Восточные эротические гравюры из собрания дяди Дана, оказались в артистическом отношении бездарными, а в акробатическом бесполезными. Самая дурацкая и дорогая картинка изображала монголку с тупым, увенчанным уродливой прической овальным личиком, предававшуюся посреди помещения, похожего на забитую ширмами, цветами в горшочках, шелками, бумажными веерами и фаянсовой посудой витринку, любовному общению с шестеркой полноватых, пустолицых гимнастов. Трое мужчин, раскорячась в редкого неудобства позах, одновременно обслуживали три основных отверстия блудницы; еще двух клиентов она ублажала вручную, а шестому, карлику, пришлось довольствоваться ее деформированной ступней. Еще шестеро сладострастников предавались содомскому греху с непосредственными партнерами дамы и, наконец, самый последний тыкался ей в подмышку. Дядя Дан, терпеливо распутавший все эти конечности и складочки на животах, прямо или опосредовано связанные с пребывающей в совершенном спокойствии женщиной (каким-то образом еще сохранившей остатки одежд), пометил карандашом цену картинки и определил ее как «Гейшу с 13 любовниками». Ван, однако, обнаружил пятнадцатый пупок, подброшенный расщедрившимся художником, но не допускающий решительно никакой анатомической привязки.

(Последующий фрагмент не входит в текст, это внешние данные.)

(* Let $T:\mathcal{M}_2(\mathbb{C})\to\mathcal{M}_2(\mathbb{C})$ be a positive trace-preserving linear map and $\Lambda:=\mathrm{spec}(T)$. Then (1) $1\in\Lambda$ and $\Lambda$ is invariant under complex conjugation (as a multiset), and (2) $|\lambda|\le1$ for all $\lambda\in\Lambda$. Conversely, if a multiset $\Lambda$ of four complex numbers satisfies (1) and (2), then there is a unital, trace-preserving, positive linear map $T$ on $\mathcal{M}_2(\mathbb{C})$ with $\mathrm{spec}(T)=\Lambda$.
   Context: A linear map on $\mathcal{M}_d(\mathbb{C})$ is positive if it maps positive semidefinite matrices to positive semidefinite matrices, trace-preserving if $\mathrm{tr}[T(X)]=\mathrm{tr}[X]$, unital if $T(\mathbbm{1})=\mathbbm{1}$. $\mathrm{spec}(T)$ is the spectrum of $T$ as a linear operator on $\mathcal{M}_2(\mathbb{C})$, counted with algebraic multiplicity. *)

theory Defs
  imports "Jordan_Normal_Form.Matrix" "Jordan_Normal_Form.Char_Poly"
    "HOL-Computational_Algebra.Polynomial"
begin

definition tr2 :: "complex mat \<Rightarrow> complex" where
  "tr2 A = A $$ (0,0) + A $$ (1,1)"

definition adj2 :: "complex mat \<Rightarrow> complex mat" where
  "adj2 A = mat 2 2 (\<lambda>(i,j). cnj (A $$ (j,i)))"

definition psd2 :: "complex mat \<Rightarrow> bool" where
  "psd2 A \<longleftrightarrow> A \<in> carrier_mat 2 2 \<and> adj2 A = A \<and>
     (\<forall>v :: nat \<Rightarrow> complex.
        let q = (\<Sum>i<2. \<Sum>j<2. cnj (v i) * A $$ (i,j) * v j) in Im q = 0 \<and> Re q \<ge> 0)"

definition linear_M2 :: "(complex mat \<Rightarrow> complex mat) \<Rightarrow> bool" where
  "linear_M2 T \<longleftrightarrow>
     (\<forall>A \<in> carrier_mat 2 2. T A \<in> carrier_mat 2 2) \<and>
     (\<forall>A \<in> carrier_mat 2 2. \<forall>B \<in> carrier_mat 2 2. T (A + B) = T A + T B) \<and>
     (\<forall>A \<in> carrier_mat 2 2. \<forall>c. T (c \<cdot>\<^sub>m A) = c \<cdot>\<^sub>m T A)"

definition positive_M2 :: "(complex mat \<Rightarrow> complex mat) \<Rightarrow> bool" where
  "positive_M2 T \<longleftrightarrow> (\<forall>A. psd2 A \<longrightarrow> psd2 (T A))"

definition trace_preserving_M2 :: "(complex mat \<Rightarrow> complex mat) \<Rightarrow> bool" where
  "trace_preserving_M2 T \<longleftrightarrow> (\<forall>A \<in> carrier_mat 2 2. tr2 (T A) = tr2 A)"

definition unital_M2 :: "(complex mat \<Rightarrow> complex mat) \<Rightarrow> bool" where
  "unital_M2 T \<longleftrightarrow> T (1\<^sub>m 2) = 1\<^sub>m 2"

definition munit2 :: "nat \<Rightarrow> complex mat" where
  "munit2 l = mat 2 2 (\<lambda>(i,j). if i = l div 2 \<and> j = l mod 2 then 1 else 0)"

text \<open>The 4x4 matrix of T in the basis of matrix units.\<close>
definition op_mat :: "(complex mat \<Rightarrow> complex mat) \<Rightarrow> complex mat" where
  "op_mat T = mat 4 4 (\<lambda>(k,l). T (munit2 l) $$ (k div 2, k mod 2))"

definition spec_M2 :: "(complex mat \<Rightarrow> complex mat) \<Rightarrow> complex multiset" where
  "spec_M2 T = proots (char_poly (op_mat T))"

end

theory Submission
  imports Defs
begin
(* For every $\Delta \ge 1$ there is a local algorithm, using only a port numbering (no unique identifiers), that on every weakly $2$-coloured graph $\mathcal{G}=(V,E)$ without isolated nodes and of maximum degree at most $\Delta$ outputs a dominating set $D$ with $|D| \le |V|/2$ and hence $|D| \le \tfrac{\Delta+1}{2}|D^*|$, where $D^*$ is a minimum dominating set of $\mathcal{G}$.
   Context: Model: a graph $\mathcal{G}=(V,E)$ without isolated nodes is a distributed system; every node runs the same deterministic algorithm. Communication is synchronous: in each round every node receives messages from its neighbours, performs local computation, and sends messages to its neighbours. Each node knows its degree, its own input label (e.g. its colour), and the global degree bound $\Delta$. A local algorithm is one that terminates after $T$ rounds, where $T$ may depend on $\Delta$ but not on the number of nodes; its output at a node is whether the node belongs to the solution. A port numbering means each node has a fixed ordering of its incident edges, known to it; nodes have no identifiers. A weak $2$-colouring assigns each node black or white so that every non-isolated node has at least one neighbour of the opposite colour; it is given as input. *)

theory Defs
  imports Complex_Main
begin

text \<open>Nodes are natural numbers (every finite graph is
isomorphic to one on nat; nodes never see these names). deg v is the degree of v,
and port i < deg v of node v is connected to port j of node u, where p v i = (u, j).\<close>

definition port_graph :: "nat set \<Rightarrow> (nat \<Rightarrow> nat) \<Rightarrow> (nat \<Rightarrow> nat \<Rightarrow> nat \<times> nat) \<Rightarrow> bool" where
  "port_graph V deg p \<longleftrightarrow> finite V \<and>
     (\<forall>v\<in>V. \<forall>i<deg v. fst (p v i) \<in> V \<and> snd (p v i) < deg (fst (p v i)) \<and>
                        p (fst (p v i)) (snd (p v i)) = (v, i) \<and> fst (p v i) \<noteq> v) \<and>
     (\<forall>v\<in>V. \<forall>i<deg v. \<forall>i'<deg v. fst (p v i) = fst (p v i') \<longrightarrow> i = i')"

definition adj :: "nat set \<Rightarrow> (nat \<Rightarrow> nat) \<Rightarrow> (nat \<Rightarrow> nat \<Rightarrow> nat \<times> nat) \<Rightarrow> nat \<Rightarrow> nat \<Rightarrow> bool" where
  "adj V deg p v u \<longleftrightarrow> v \<in> V \<and> (\<exists>i<deg v. fst (p v i) = u)"

definition no_isolated :: "nat set \<Rightarrow> (nat \<Rightarrow> nat) \<Rightarrow> bool" where
  "no_isolated V deg \<longleftrightarrow> (\<forall>v\<in>V. deg v \<ge> 1)"

definition max_degree_le :: "nat set \<Rightarrow> (nat \<Rightarrow> nat) \<Rightarrow> nat \<Rightarrow> bool" where
  "max_degree_le V deg \<Delta> \<longleftrightarrow> (\<forall>v\<in>V. deg v \<le> \<Delta>)"

text \<open>Weak 2-colouring (True = black, False = white).\<close>
definition weak_2_colouring :: "nat set \<Rightarrow> (nat \<Rightarrow> nat) \<Rightarrow> (nat \<Rightarrow> nat \<Rightarrow> nat \<times> nat) \<Rightarrow> (nat \<Rightarrow> bool) \<Rightarrow> bool" where
  "weak_2_colouring V deg p col \<longleftrightarrow>
     (\<forall>v\<in>V. (\<exists>u. adj V deg p v u) \<longrightarrow> (\<exists>u. adj V deg p v u \<and> col u \<noteq> col v))"

definition dominating :: "nat set \<Rightarrow> (nat \<Rightarrow> nat) \<Rightarrow> (nat \<Rightarrow> nat \<Rightarrow> nat \<times> nat) \<Rightarrow> nat set \<Rightarrow> bool" where
  "dominating V deg p D \<longleftrightarrow> D \<subseteq> V \<and> (\<forall>v\<in>V. v \<in> D \<or> (\<exists>u\<in>D. adj V deg p v u))"

definition min_dominating :: "nat set \<Rightarrow> (nat \<Rightarrow> nat) \<Rightarrow> (nat \<Rightarrow> nat \<Rightarrow> nat \<times> nat) \<Rightarrow> nat set \<Rightarrow> bool" where
  "min_dominating V deg p D \<longleftrightarrow> dominating V deg p D \<and>
     (\<forall>D'. dominating V deg p D' \<longrightarrow> card D \<le> card D')"

text \<open>Local states and messages are natural numbers (any finite data can be encoded).
The initial state depends only on the node's degree and its input colour;
in each round a node sends msg s i on port i, receives the list of messages
indexed by its ports and updates its state; after rounds rounds it outputs.\<close>
record pn_alg =
  init :: "nat \<Rightarrow> bool \<Rightarrow> nat"
  msg :: "nat \<Rightarrow> nat \<Rightarrow> nat"
  step :: "nat \<Rightarrow> nat list \<Rightarrow> nat"
  out :: "nat \<Rightarrow> bool"
  rounds :: nat

primrec run_state :: "pn_alg \<Rightarrow> (nat \<Rightarrow> nat) \<Rightarrow> (nat \<Rightarrow> nat \<Rightarrow> nat \<times> nat) \<Rightarrow> (nat \<Rightarrow> bool) \<Rightarrow> nat \<Rightarrow> nat \<Rightarrow> nat" where
  "run_state A deg p col 0 v = init A (deg v) (col v)"
| "run_state A deg p col (Suc t) v =
     step A (run_state A deg p col t v)
       (map (\<lambda>i. msg A (run_state A deg p col t (fst (p v i))) (snd (p v i))) [0..<deg v])"

definition alg_output :: "pn_alg \<Rightarrow> nat set \<Rightarrow> (nat \<Rightarrow> nat) \<Rightarrow> (nat \<Rightarrow> nat \<Rightarrow> nat \<times> nat) \<Rightarrow> (nat \<Rightarrow> bool) \<Rightarrow> nat set" where
  "alg_output A V deg p col = {v \<in> V. out A (run_state A deg p col (rounds A) v)}"

end

theory Submission
  imports Defs "HOL-Library.Nat_Bijection"
begin
(* Let $G\ge1$ and, for each group $v\in\{1,\ldots,G\}$, let $X_{v1},\ldots,X_{vN_v}\in L^2[0,1]$ be observed functions (assumed mean zero). Fix a number of layers $D\ge1$ and, for each layer $d=1,\ldots,D$, a partition of $\{1,\ldots,G\}$ into disjoint communities $\mathcal{K}_{d1},\mathcal{K}_{d2},\ldots$, such that the partitions are nested: every community of layer $d$ is contained in some community of layer $d-1$ ($d\ge2$). Write $c_{v,d}$ for the index $i$ of the community $\mathcal{K}_{di}$ containing $v$. Fix weights $f_v^{(d-1)}>0$. Define recursively, for $d=1,\ldots,D$: $R^{(0)}_{vn}=X_{vn}$; $$\widehat\Gamma^{(d-1)}_v(\cdot)=\frac1{N_v}\sum_{n=1}^{N_v}\langle R^{(d-1)}_{vn},\cdot\rangle R^{(d-1)}_{vn};$$ for each community $\mathcal{K}_{di}$, let $\hat\psi_{di}$ be a unit-norm eigenfunction of $\sum_{v\in\mathcal{K}_{di}}f^{(d-1)}_v\widehat\Gamma^{(d-1)}_v$ associated with its largest eigenvalue, assumed strictly positive (equivalently, $\hat\psi_{di}$ maximizes $\sum_{v\in\mathcal{K}_{di}}\sum_{n=1}^{N_v}N_v^{-1}f_v^{(d-1)}\langle R^{(d-1)}_{vn},\phi\rangle^2$ over $\|\phi\|=1$); set $\hat\phi_d^{(c_{v,d})}=\hat\psi_{di}$ for $v\in\mathcal{K}_{di}$; and set $$R^{(d)}_{vn}=X_{vn}-\sum_{j=1}^{d}\langle X_{vn},\hat\phi_j^{(c_{v,j})}\rangle\hat\phi_j^{(c_{v,j})}.$$ Then for every group $v$, the functions $\hat\phi_1^{(c_{v,1})},\ldots,\hat\phi_D^{(c_{v,D})}$ are orthonormal in $L^2[0,1]$, i.e. $\langle\hat\phi_d^{(c_{v,d})},\hat\phi_{d'}^{(c_{v,d'})}\rangle=0$ for $d\neq d'$ and $\|\hat\phi_d^{(c_{v,d})}\|=1$.
   Context: $L^2[0,1]$ is equipped with the inner product $\langle x,y\rangle=\int_0^1 x(t)y(t)\,dt$ and norm $\|x\|^2=\langle x,x\rangle$. A "community" is a set of groups that share one common filtrated functional principal component in a given layer; the communities of each layer form a partition of the groups, and the partitions across layers form a tree (nested) structure. *)

theory Defs
  imports "HOL-Analysis.Analysis"
begin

Библиотека предоставила декорации для незабываемой сцены Неопалимого Овина; она распахнула перед детьми свои застекленные двери; она сулила им долгую идиллию книгопоклонства; она могла бы составить главу в одном из хранящихся на ее полках старых романов; оттенок пародии сообщил этой теме присущую жизни комедийную легкость.

22

My sister, do you still recall

The blue Ladore and Ardis Hall?

Don’t you remember any more

That castle bathed by the Ladore?

«Ma s?ur, te souvient-il encore

Du chateau que baignait la Dore?»

My sister, do you still recall

The Ladore-washed old castle wall?

Сестра моя, ты помнишь гору,

И дуб высокий, и Ладору?

My sister, you rememeber still

The spreading oak tree and my hill?

«Oh! qui me rendra mon Aline

Et le grand chкne et ma colline?»

Oh, who will give me back my Jill

And the big oak tree and my hill?

«Oh! qui me rendra, mon Adele,

Et ma montagne et l’hirondelle?

«Oh! qui me rendra ma Lucile,

La Dore et l’hirondelle agile?»

Oh, who will render in our tongue

The tender things he loved and sung?

Они уплывали по Ладоре на лодке, купались, изучали излучины обожаемой ими реки, они пытались подыскать для ее названия новые рифмы, они поднимались по склону холма к черным руинам замка «Шато Бриан», вкруг башни которого вились, как и прежде, стремительные стрижи. Они уезжали в Калугу и пили Калужские Воды, и посещали семейного дантиста. Ван, листая журнал, слышал, как в смежной комнате Ада взвизгивает и говорит «чорт» – слово, которого ему до этого слышать от нее ни разу не приходилось. Они пили чай у соседки, графини де Прей, попытавшейся – безуспешно – продать им хромую кобылу. Они навестили ярмарку в Ардисвилле, где им особенно пришлись по душе китайские акробаты, немецкий клоун и шпагоглотательница, здоровенная черкесская княжна, начавшая с фруктового ножика, продолжившая осыпанным каменьями кинжалом и под конец заглонувшая чудовищных размеров салями со всеми ее веревочками.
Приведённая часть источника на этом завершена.